::: TASK DATA

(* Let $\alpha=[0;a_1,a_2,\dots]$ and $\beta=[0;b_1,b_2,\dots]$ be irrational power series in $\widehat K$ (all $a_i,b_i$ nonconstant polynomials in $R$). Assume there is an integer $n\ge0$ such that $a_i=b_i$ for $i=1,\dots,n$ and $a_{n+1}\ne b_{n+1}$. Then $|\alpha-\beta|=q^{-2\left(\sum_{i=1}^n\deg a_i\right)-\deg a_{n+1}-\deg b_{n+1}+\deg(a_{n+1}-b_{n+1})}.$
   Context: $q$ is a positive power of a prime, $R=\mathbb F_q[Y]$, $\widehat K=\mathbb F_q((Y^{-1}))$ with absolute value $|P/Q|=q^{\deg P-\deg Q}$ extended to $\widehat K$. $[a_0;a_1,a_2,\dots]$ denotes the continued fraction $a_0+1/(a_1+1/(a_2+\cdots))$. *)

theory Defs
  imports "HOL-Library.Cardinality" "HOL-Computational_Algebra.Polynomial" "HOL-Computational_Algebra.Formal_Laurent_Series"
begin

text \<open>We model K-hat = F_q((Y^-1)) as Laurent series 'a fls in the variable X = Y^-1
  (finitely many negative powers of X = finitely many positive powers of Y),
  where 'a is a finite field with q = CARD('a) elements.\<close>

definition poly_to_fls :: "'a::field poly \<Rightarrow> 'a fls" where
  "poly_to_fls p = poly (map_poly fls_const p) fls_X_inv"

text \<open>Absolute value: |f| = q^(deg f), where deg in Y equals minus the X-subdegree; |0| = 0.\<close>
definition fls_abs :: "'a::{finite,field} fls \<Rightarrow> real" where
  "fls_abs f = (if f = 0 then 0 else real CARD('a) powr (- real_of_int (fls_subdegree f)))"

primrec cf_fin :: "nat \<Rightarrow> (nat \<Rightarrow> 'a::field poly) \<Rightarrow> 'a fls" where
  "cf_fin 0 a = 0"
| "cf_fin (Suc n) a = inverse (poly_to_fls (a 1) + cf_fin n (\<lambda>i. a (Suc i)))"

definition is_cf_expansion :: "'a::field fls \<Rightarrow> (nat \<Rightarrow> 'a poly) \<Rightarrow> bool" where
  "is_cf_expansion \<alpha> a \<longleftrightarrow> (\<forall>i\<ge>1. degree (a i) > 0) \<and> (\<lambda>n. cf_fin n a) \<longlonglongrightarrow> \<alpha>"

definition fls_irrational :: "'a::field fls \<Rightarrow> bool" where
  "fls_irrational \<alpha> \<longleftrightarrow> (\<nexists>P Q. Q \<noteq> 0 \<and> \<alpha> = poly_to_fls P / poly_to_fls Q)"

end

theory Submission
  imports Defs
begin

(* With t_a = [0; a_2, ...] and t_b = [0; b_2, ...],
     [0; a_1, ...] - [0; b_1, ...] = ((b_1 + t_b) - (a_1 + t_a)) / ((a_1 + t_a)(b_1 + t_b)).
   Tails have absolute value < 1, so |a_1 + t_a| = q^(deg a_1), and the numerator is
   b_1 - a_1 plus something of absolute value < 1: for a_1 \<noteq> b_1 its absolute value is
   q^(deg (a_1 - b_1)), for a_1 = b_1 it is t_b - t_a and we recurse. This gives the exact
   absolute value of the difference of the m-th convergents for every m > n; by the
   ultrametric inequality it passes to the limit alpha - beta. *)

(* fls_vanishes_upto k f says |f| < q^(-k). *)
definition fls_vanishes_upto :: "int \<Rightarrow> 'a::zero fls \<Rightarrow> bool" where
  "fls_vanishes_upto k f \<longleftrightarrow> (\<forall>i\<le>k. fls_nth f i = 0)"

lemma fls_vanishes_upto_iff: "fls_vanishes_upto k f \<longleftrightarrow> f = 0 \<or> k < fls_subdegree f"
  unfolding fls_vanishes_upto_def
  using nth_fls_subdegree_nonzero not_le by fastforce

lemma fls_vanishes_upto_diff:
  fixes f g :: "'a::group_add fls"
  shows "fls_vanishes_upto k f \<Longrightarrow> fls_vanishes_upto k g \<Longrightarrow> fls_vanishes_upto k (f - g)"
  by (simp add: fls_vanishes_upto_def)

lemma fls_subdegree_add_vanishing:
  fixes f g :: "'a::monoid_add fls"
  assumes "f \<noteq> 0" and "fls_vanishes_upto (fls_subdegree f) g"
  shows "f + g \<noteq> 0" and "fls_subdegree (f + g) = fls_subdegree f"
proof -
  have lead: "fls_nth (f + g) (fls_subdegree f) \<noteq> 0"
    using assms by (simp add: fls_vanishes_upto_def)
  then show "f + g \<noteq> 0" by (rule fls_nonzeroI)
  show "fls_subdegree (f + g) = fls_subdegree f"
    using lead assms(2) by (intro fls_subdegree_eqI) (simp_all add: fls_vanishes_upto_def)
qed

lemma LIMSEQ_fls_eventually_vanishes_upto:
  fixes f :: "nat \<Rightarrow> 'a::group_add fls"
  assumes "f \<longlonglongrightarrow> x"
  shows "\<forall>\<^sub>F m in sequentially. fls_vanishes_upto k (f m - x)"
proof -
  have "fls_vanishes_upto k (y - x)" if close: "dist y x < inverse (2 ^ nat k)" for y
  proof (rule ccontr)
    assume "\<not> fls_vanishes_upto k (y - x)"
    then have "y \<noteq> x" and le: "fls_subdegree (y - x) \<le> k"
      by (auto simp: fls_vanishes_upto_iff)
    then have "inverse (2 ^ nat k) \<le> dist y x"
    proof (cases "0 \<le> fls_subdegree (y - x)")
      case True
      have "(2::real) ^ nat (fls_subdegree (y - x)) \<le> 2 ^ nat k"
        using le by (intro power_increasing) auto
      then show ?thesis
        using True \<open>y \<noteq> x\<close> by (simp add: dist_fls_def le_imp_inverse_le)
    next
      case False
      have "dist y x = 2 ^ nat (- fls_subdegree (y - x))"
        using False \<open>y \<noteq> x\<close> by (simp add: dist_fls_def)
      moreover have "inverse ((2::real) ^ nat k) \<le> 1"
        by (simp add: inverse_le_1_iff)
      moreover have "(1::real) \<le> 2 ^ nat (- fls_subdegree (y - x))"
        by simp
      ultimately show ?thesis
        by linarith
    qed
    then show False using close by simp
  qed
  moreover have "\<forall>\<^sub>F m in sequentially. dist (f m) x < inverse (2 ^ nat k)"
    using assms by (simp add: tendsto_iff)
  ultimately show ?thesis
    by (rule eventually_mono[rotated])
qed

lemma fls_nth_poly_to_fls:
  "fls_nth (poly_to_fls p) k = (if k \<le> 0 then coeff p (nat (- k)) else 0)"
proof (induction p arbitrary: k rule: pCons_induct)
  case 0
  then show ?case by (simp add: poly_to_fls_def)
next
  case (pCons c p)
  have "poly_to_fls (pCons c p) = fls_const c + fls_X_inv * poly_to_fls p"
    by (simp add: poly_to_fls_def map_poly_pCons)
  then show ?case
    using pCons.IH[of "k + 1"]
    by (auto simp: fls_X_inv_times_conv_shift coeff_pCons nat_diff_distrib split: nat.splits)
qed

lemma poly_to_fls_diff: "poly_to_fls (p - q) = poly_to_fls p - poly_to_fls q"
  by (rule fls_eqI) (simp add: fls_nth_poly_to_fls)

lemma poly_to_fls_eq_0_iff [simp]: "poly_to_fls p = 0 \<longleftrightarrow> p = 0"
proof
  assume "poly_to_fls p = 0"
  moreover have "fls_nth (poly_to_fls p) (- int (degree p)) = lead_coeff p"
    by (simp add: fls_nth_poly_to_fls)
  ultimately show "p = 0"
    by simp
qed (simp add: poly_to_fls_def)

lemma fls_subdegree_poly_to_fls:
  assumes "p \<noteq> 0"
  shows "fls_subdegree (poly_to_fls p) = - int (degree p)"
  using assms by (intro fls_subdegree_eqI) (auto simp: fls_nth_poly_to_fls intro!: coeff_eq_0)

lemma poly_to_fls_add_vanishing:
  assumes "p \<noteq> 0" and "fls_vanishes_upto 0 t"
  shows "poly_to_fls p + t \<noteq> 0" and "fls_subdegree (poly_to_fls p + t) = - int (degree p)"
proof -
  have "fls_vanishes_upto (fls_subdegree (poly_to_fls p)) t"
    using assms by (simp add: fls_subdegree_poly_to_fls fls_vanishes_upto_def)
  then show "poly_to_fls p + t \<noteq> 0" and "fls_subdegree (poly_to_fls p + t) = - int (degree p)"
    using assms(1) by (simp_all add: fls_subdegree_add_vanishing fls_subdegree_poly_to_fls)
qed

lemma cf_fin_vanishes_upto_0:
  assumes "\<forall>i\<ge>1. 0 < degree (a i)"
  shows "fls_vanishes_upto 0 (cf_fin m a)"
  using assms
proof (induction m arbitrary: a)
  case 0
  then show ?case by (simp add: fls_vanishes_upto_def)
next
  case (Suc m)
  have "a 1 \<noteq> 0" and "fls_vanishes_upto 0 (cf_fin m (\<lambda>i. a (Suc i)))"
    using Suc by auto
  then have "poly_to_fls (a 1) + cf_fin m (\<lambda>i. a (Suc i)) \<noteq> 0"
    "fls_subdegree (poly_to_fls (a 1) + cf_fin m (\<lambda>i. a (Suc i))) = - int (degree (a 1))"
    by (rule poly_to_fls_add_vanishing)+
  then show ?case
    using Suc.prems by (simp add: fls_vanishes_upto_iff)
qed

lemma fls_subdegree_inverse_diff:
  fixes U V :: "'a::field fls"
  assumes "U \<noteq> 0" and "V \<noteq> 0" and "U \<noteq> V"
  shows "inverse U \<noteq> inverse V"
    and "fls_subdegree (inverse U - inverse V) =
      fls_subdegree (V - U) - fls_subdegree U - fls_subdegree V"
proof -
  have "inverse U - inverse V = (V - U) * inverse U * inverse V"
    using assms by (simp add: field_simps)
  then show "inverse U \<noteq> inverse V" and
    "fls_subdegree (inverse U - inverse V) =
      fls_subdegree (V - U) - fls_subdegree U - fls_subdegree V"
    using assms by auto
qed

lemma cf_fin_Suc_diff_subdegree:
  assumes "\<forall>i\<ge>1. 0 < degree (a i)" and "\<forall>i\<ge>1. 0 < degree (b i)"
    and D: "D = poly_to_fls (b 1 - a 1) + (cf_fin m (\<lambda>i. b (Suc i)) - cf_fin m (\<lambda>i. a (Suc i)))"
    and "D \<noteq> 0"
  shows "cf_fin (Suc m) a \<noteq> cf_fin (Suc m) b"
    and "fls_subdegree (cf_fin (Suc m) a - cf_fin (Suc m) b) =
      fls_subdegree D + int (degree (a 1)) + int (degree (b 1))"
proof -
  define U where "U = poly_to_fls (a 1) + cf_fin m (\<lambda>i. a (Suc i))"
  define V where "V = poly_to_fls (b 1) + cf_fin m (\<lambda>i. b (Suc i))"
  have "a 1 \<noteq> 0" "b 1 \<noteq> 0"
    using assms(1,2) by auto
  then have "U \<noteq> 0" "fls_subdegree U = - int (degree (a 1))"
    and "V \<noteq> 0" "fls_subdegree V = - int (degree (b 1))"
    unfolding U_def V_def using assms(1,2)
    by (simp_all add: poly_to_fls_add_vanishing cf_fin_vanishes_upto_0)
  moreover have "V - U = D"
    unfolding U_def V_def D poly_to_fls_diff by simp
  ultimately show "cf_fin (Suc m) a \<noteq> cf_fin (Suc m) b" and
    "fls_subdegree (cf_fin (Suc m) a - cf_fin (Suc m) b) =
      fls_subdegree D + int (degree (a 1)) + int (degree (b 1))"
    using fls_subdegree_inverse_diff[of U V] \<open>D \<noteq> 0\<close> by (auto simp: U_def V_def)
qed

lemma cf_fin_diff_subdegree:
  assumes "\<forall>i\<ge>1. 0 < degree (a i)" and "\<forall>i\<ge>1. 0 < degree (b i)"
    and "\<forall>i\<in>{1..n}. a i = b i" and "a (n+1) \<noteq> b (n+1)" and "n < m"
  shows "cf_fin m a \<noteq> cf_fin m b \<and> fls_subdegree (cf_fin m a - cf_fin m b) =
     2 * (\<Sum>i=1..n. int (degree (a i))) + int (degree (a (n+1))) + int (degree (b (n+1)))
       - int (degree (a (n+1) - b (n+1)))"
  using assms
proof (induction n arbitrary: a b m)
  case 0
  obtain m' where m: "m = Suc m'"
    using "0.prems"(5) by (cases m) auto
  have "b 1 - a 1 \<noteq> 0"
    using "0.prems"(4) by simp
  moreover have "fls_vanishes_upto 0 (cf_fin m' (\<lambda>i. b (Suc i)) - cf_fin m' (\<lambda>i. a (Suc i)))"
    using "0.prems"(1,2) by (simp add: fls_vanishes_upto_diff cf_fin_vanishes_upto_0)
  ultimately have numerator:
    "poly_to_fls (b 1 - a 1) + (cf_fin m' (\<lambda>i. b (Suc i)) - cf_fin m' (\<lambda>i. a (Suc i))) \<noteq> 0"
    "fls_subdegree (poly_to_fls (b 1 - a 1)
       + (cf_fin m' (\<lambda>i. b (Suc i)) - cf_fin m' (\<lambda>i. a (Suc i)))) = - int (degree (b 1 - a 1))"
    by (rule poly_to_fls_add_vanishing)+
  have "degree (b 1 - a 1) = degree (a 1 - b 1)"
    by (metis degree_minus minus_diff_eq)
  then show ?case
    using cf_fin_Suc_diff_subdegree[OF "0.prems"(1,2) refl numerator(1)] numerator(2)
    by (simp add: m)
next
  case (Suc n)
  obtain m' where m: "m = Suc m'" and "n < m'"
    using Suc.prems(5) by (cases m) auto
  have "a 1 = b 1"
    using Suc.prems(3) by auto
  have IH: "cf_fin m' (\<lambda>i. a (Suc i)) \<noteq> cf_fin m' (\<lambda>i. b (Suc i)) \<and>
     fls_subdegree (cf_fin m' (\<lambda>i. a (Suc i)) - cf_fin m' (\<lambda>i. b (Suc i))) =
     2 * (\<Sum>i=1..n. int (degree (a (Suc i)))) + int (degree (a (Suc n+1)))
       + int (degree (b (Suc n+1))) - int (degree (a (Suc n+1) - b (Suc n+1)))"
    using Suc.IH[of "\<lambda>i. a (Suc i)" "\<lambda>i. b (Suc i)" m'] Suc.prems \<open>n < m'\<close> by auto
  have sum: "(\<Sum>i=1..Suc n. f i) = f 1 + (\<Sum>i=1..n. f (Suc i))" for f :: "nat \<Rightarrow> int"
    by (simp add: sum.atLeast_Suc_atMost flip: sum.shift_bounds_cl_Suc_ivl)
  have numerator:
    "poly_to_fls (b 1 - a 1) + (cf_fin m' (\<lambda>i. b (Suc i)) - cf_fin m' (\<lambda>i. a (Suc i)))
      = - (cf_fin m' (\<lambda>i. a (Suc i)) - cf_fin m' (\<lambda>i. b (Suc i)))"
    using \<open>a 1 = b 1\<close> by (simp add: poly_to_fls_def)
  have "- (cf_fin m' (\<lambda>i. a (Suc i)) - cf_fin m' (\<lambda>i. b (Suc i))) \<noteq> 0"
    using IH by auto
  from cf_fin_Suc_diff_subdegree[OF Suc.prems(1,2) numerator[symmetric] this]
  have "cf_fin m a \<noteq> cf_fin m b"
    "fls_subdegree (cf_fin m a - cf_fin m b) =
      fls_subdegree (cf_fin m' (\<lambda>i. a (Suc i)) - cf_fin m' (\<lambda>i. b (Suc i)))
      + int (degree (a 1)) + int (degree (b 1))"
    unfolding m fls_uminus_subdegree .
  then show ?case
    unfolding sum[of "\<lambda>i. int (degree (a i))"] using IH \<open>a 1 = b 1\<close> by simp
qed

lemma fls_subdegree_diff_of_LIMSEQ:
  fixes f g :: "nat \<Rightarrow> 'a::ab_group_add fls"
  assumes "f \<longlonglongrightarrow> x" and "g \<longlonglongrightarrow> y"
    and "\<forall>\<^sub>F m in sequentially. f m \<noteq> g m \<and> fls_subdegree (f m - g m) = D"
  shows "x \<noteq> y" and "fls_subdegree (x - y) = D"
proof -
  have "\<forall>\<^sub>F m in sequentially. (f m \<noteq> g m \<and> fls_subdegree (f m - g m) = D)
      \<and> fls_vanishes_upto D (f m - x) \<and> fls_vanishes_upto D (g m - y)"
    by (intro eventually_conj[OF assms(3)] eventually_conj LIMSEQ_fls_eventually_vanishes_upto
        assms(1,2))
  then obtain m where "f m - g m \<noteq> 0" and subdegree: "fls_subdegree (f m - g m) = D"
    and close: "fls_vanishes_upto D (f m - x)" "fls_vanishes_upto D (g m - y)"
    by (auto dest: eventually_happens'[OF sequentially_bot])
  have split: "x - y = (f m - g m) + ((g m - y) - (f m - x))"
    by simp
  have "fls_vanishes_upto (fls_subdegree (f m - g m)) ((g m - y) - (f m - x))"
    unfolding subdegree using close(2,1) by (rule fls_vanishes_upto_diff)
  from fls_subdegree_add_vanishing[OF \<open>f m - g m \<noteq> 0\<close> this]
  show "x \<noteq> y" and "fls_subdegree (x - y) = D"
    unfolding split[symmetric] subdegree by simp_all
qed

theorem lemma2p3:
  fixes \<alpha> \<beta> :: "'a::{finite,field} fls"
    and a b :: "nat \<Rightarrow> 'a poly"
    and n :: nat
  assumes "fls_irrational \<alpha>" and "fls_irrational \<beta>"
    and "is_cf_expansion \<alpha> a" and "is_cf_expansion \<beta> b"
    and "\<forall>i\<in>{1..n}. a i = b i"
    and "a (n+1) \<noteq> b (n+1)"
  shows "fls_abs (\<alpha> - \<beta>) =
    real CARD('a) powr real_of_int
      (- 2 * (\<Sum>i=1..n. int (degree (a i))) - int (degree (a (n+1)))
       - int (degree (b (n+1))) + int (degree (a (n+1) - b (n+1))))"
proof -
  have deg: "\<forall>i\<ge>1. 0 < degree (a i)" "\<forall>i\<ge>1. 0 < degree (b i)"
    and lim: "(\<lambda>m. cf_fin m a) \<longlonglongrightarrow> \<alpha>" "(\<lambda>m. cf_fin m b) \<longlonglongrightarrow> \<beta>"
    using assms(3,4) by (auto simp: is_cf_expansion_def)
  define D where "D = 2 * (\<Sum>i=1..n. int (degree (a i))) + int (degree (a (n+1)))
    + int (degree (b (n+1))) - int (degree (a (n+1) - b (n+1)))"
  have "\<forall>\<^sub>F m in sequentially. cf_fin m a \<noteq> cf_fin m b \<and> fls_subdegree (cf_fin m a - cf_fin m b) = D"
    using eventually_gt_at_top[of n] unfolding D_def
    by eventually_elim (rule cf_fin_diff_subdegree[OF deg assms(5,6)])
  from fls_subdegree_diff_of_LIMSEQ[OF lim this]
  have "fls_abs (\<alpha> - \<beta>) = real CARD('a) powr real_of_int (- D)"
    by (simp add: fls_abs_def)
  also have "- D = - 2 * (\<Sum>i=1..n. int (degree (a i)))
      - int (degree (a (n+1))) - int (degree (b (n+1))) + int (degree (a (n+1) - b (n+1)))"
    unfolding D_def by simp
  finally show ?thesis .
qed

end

::::::
::: TASK DATA

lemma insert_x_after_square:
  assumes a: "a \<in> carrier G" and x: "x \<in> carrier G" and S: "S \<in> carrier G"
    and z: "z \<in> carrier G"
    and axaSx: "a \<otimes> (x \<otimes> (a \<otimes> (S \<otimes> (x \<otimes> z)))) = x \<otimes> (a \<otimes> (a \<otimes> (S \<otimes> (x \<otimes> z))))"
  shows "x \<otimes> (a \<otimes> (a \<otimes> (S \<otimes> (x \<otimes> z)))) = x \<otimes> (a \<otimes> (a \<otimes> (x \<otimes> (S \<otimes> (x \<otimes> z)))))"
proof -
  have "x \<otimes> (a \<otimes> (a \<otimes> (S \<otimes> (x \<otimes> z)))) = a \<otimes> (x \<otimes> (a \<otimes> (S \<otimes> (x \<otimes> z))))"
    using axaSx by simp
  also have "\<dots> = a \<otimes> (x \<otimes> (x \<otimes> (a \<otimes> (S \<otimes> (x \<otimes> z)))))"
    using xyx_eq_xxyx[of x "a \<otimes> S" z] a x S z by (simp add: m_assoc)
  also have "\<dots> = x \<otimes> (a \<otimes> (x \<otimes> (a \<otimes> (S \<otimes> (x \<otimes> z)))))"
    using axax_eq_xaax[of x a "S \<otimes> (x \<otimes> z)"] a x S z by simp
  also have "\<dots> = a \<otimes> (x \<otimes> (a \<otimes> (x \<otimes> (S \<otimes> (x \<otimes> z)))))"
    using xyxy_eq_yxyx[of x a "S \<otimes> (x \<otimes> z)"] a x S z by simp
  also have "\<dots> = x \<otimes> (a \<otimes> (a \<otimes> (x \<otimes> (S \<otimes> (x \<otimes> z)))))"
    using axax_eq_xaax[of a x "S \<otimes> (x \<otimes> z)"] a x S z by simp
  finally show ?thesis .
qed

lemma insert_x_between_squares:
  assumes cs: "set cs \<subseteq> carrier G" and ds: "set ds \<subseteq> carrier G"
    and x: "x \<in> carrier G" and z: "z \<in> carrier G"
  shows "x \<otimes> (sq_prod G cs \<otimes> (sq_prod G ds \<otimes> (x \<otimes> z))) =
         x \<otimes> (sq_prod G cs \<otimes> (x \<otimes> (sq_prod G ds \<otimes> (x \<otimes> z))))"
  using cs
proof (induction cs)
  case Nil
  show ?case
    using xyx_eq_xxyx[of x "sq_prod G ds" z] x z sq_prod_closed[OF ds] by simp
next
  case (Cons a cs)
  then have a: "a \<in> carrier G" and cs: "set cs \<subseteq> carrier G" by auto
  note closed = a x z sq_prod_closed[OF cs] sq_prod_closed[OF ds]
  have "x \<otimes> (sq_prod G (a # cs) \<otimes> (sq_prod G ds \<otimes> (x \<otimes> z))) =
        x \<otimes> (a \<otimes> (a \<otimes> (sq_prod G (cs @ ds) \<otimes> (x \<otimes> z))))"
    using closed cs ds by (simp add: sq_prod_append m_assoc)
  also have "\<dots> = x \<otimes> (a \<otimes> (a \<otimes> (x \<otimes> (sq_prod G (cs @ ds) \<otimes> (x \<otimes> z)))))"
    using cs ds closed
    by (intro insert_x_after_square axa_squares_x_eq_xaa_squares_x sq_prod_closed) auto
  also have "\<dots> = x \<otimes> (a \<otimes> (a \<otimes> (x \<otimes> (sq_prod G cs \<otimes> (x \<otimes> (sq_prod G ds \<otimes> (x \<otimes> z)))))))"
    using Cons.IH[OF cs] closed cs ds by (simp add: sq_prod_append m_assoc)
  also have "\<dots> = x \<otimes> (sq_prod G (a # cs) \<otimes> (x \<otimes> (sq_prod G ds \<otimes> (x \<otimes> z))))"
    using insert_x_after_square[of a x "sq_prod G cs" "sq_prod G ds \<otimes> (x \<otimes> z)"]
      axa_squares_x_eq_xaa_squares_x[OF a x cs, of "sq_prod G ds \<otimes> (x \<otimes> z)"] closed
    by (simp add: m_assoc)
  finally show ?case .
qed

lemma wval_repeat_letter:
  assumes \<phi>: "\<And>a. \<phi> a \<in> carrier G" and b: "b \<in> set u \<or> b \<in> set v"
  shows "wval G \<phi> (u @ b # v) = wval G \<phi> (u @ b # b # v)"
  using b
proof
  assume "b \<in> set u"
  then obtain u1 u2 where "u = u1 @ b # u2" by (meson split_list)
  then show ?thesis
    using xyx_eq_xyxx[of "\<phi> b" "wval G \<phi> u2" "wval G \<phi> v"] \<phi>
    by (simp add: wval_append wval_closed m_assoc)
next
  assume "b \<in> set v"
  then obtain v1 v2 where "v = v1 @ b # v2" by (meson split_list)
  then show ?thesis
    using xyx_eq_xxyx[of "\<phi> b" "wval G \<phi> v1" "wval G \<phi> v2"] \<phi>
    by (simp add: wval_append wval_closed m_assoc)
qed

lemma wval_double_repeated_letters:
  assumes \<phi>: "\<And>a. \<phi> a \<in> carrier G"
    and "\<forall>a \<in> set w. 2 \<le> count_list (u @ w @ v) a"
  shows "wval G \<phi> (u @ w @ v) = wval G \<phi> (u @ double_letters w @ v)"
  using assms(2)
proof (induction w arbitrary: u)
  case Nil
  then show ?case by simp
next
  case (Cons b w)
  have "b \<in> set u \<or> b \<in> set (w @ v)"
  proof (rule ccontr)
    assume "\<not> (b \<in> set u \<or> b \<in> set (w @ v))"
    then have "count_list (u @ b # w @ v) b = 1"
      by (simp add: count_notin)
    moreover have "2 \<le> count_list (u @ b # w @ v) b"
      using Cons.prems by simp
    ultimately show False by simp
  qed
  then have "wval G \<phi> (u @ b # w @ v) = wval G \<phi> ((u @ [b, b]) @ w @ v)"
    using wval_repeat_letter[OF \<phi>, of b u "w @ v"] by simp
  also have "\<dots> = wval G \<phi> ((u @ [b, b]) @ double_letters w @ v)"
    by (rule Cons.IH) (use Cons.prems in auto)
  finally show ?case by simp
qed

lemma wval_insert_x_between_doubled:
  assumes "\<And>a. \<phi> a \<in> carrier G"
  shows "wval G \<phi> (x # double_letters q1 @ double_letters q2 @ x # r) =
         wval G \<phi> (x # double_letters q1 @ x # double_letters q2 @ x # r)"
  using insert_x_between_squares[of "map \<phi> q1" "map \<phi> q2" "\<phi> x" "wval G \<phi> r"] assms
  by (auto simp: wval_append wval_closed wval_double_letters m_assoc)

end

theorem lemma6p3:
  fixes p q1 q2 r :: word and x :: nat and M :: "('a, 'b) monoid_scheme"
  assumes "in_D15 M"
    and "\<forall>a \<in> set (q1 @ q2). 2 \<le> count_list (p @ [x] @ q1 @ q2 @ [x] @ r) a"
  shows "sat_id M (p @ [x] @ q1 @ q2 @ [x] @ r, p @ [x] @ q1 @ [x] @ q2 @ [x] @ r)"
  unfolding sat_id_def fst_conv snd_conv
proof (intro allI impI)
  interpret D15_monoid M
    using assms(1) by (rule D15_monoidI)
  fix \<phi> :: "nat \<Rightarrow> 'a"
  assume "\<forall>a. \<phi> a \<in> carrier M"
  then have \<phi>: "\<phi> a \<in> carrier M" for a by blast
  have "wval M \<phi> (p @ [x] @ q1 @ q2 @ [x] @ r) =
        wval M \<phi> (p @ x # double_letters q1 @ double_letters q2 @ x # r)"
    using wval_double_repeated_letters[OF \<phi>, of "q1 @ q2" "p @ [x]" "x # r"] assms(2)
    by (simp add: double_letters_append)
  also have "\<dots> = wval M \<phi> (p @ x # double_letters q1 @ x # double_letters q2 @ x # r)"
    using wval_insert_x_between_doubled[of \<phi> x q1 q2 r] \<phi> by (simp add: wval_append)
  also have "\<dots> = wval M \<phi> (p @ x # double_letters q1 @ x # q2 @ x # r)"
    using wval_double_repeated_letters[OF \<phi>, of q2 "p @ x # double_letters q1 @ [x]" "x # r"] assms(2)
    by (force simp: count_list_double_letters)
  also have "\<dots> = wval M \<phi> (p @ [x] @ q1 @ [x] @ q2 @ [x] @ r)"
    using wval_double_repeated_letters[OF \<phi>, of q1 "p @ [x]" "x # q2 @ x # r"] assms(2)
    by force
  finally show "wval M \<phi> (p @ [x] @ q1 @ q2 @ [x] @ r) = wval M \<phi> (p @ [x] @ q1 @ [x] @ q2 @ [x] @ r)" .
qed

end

::::::

◆ TASK TO CARRY OUT ◆
Find each line in the data above with the word "subseteq", then copy it.

◆ COMPLETED EXERCISE ◆
  assumes cs: "set cs \<subseteq> carrier G" and ds: "set ds \<subseteq> carrier G"
  then have a: "a \<in> carrier G" and cs: "set cs \<subseteq> carrier G" by auto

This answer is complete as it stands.